|Van Oostveldt, Kaat|
Submitted to: American Journal of Veterinary Research
Publication Type: Peer Reviewed Journal
Publication Acceptance Date: 6/19/2001
Publication Date: 3/1/2002
Citation: Van Oostveldt, K., Tomita, G., Paape, M.J., Capuco, A.V., Burvenich, C. 2002. Apoptosis of Bovine Neutrophils During Mastitis Experimentally Induced with Escherichia Coli or Endotoxin. American Journal of Veterinary Research. 63(3): 448-453. Interpretive Summary: Invasion of udder tissue by mastitis causing bacteria causes a rapid migration of neutrophils into the invading bacteria. The neutrophils release potent oxidants that destroy not only some of the bacteria but also some of the secretory epithelial cells within the udder. Because the life span of neutrophils in tissue is very brief, their death within a few hours safter leaving the blood circulatory system will lead to the release of their chemical arsenal causing further damage to the epithelium. Scientists at the USDA working with scientists at the University of Ghent, Belgium, discovered that neutrophils from cows undergo programmed cell death. Programmed cell death, or apoptosis, is a critical event in the pathology of disease. As neutrophils undergo programmed death, blebbing and contortion of the membrane surrounding the neutrophil occurs. This is followed by a rapid shrinkage of the cell. These dying cells are swiftly eaten by professional scavengers called macrophages which digest not only the cell but also all of the toxic chemicals. Thus, the macrophages prevent further damage to the milk secretory cells of the udder. Without programmed cell death, the neutrophils would swell and burst, dumping all of their toxic chemicals into the udder tissue causing extensive damage and permanent scarring of the mammary gland. Without this programmed cell death, the cow would never be able to produce the amount of milk it was genetically designed to produce.
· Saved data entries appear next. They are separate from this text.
lemma Gcols_coord_mem:
  "y \<in> Gcols M t r \<Longrightarrow> t \<subseteq> M \<Longrightarrow> j \<in> t \<Longrightarrow> y j \<in> {1..r j}"
  unfolding Gcols_def by (auto simp: PiE_iff dest!: bspec[of _ _ j])

lemma Pmat_GTHmat_apply:
  assumes fin: "finite M" and pos: "\<forall>z\<in>cells M r. p z > 0"
    and indep: "completely_independent M r p"
    and "t \<subseteq> M" "h \<subseteq> M" "a \<subseteq> M" and jh: "\<forall>j\<in>h. jh j \<in> {1..r j}"
    and x: "x \<in> cells M r" and y: "y \<in> Gcols M t r"
  shows "mmul (cells M r) (Pmat M r p a) (GTHmat M t h jh) x y
           = of_bool (\<forall>j\<in>a \<inter> (t \<union> h). x j = (if j \<in> t then y j else jh j))
             * (\<Prod>j\<in>(t \<union> h) - a. prob_ev p (cells M r) (\<lambda>z. z j = (if j \<in> t then y j else jh j)))"
  unfolding mmul_def GTHmat_apply[OF fin assms(4,5)] using assms y jh
  by (intro Pmat_coords_indicator) (auto dest: Gcols_coord_mem)

lemma Pmat_GTHmat_in_Gmat_col_space:
  assumes fin: "finite M" and pos: "\<forall>z\<in>cells M r. p z > 0"
    and indep: "completely_independent M r p"
    and tM: "t \<subseteq> M" and hM: "h \<subseteq> M" and aM: "a \<subseteq> M" and jh: "\<forall>j\<in>h. jh j \<in> {1..r j}"
  shows "\<exists>C. \<forall>x\<in>cells M r. \<forall>y\<in>Gcols M t r.
           mmul (cells M r) (Pmat M r p a) (GTHmat M t h jh) x y
           = mmul (Gcols M (a \<inter> (t \<union> h)) r) (Gmat M (a \<inter> (t \<union> h))) C x y"
proof (intro exI ballI)
  let ?R = "a \<inter> (t \<union> h)"
  fix x y assume x: "x \<in> cells M r" and y: "y \<in> Gcols M t r"
  define tg where "tg y j = (if j \<in> t then y j else jh j)" for y :: "'a \<Rightarrow> nat" and j
  define Q where "Q y = (\<Prod>j\<in>(t \<union> h) - a. prob_ev p (cells M r) (\<lambda>z. z j = tg y j))" for y
  have RM: "?R \<subseteq> M" using aM by blast
  have tg: "\<forall>j\<in>?R. tg y j \<in> {1..r j}"
    using y jh tM unfolding tg_def by (auto dest: Gcols_coord_mem)
  have "mmul (Gcols M ?R r) (Gmat M ?R) (\<lambda>c y. of_bool (\<forall>j\<in>?R. tg y j = c j) * Q y) x y
          = (\<Sum>c\<in>Gcols M ?R r. of_bool (\<forall>j\<in>?R. tg y j = c j) * (Gmat M ?R x c * Q y))"
    unfolding mmul_def by (simp add: ac_simps)
  also have "\<dots> = of_bool (\<forall>j\<in>?R. x j = tg y j) * Q y"
    unfolding Gcols_def using fin RM tg
    by (subst sum_PiE_of_bool_coords) (auto simp: Gmat_apply)
  also have "\<dots> = mmul (cells M r) (Pmat M r p a) (GTHmat M t h jh) x y"
    unfolding Pmat_GTHmat_apply[OF fin pos indep tM hM aM jh x y] tg_def Q_def ..
  finally show "mmul (cells M r) (Pmat M r p a) (GTHmat M t h jh) x y
      = mmul (Gcols M ?R r) (Gmat M ?R) (\<lambda>c y. of_bool (\<forall>j\<in>?R. tg y j = c j) * Q y) x y" ..
qed

lemma Pmat_GTHmat_eq_Gmat_prob:
  assumes fin: "finite M" and pos: "\<forall>z\<in>cells M r. p z > 0"
    and indep: "completely_independent M r p"
    and tM: "t \<subseteq> M" and hM: "h \<subseteq> M" and aM: "a \<subseteq> M" and jh: "\<forall>j\<in>h. jh j \<in> {1..r j}"
    and th: "t \<inter> h = {}" and ta: "t \<subseteq> a" and ah: "a \<inter> h = {}"
    and x: "x \<in> cells M r" and y: "y \<in> Gcols M t r"
  shows "mmul (cells M r) (Pmat M r p a) (GTHmat M t h jh) x y
           = Gmat M t x y * prob_ev p (cells M r) (\<lambda>z. \<forall>j\<in>h. z j = jh j)"
proof -
  have "a \<inter> (t \<union> h) = t" "(t \<union> h) - a = h" using ta ah by auto
  moreover have "prob_ev p (cells M r) (\<lambda>z. \<forall>j\<in>h. z j = jh j)
                   = (\<Prod>j\<in>h. prob_ev p (cells M r) (\<lambda>z. z j = jh j))"
    using hM jh by (intro completely_independent_prob_ev_prod[OF indep]) auto
  ultimately show ?thesis
    unfolding Pmat_GTHmat_apply[OF fin pos indep tM hM aM jh x y] Gmat_apply[OF fin tM]
    using th by (auto intro!: prod.cong)
qed

theorem lemma7:
  fixes M :: "'v set" and r :: "'v \<Rightarrow> nat" and p :: "('v \<Rightarrow> nat) \<Rightarrow> real"
    and t h a :: "'v set" and jh :: "'v \<Rightarrow> nat"
  assumes "finite M"
    and pos: "\<forall>x\<in>cells M r. p x > 0"
    and sum1: "(\<Sum>x\<in>cells M r. p x) = 1"
    and indep: "completely_independent M r p"
    and "t \<subseteq> M" and "h \<subseteq> M" and "t \<inter> h = {}"
    and "\<forall>j\<in>h. jh j \<in> {1..r j}"
    and "a \<subseteq> M"
  shows "(\<exists>C. \<forall>x\<in>cells M r. \<forall>y\<in>Gcols M t r.
            mmul (cells M r) (Pmat M r p a) (GTHmat M t h jh) x y
            = mmul (Gcols M (a \<inter> (t \<union> h)) r) (Gmat M (a \<inter> (t \<union> h))) C x y)
       \<and> (t \<subseteq> a \<and> a \<inter> h = {} \<longrightarrow>
            (\<forall>x\<in>cells M r. \<forall>y\<in>Gcols M t r.
               mmul (cells M r) (Pmat M r p a) (GTHmat M t h jh) x y
               = Gmat M t x y * prob_ev p (cells M r) (\<lambda>z. \<forall>j\<in>h. z j = jh j)))"
  using Pmat_GTHmat_in_Gmat_col_space[OF assms(1,2,4-6,9,8)]
    Pmat_GTHmat_eq_Gmat_prob[OF assms(1,2,4-6,9,8,7)]
  by blast

end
Technical Abstract: Apoptosis regulates the clearance of neutrophils from the inflammatory site without inducing additional inflammatory reactions. In the current study, the percentage of apoptotic neutrophils was determined in blood samples taken from cows with E. coli mastitis or endotoxin induced mastitis following an in vitro incubation period of 3 h. A flow cytometric technique was used to detect apoptosis and necrosis of bovine neutrophils using fluorescein isothiocyanate labeled annexin-V in combination with propidium iodide. On average, no significant changes were detected during endotoxin challenge. However, E. coli challenge increased the level of apoptotic neutrophils in blood and a peak was observed 18 h after challenge (P<0.01). At this time, 20% of the neutrophils were apoptotic compared to control levels (5%). During E. coli and endotoxin challenge, studies have shown that spontaneous respiratory burst activity was increased. Because no accelerated apoptosis was detected during endotoxin mastitis, we sugges that acceleration of neutrophil apoptosis during mastitis caused by increased respiratory burst is minimal. Other studies have shown that the cytokine tumor necrosis factor-alpha (TNFa), which is absorbed in the plasma during an inflammatory reaction, is less absorbed during endotoxin induced mastitis compared to E. coli induced mastitis. It is also known that TNFa induces apoptosis in neutrophils. Therefore, it is thought that the absorption of TNFa in plasma might be responsible for the accelerated apoptosis during E. coli mastitis whereas during endotoxin mastitis the concentration of TNFa in plasma might not be high enough to induce accelerated apoptosis of neutrophils.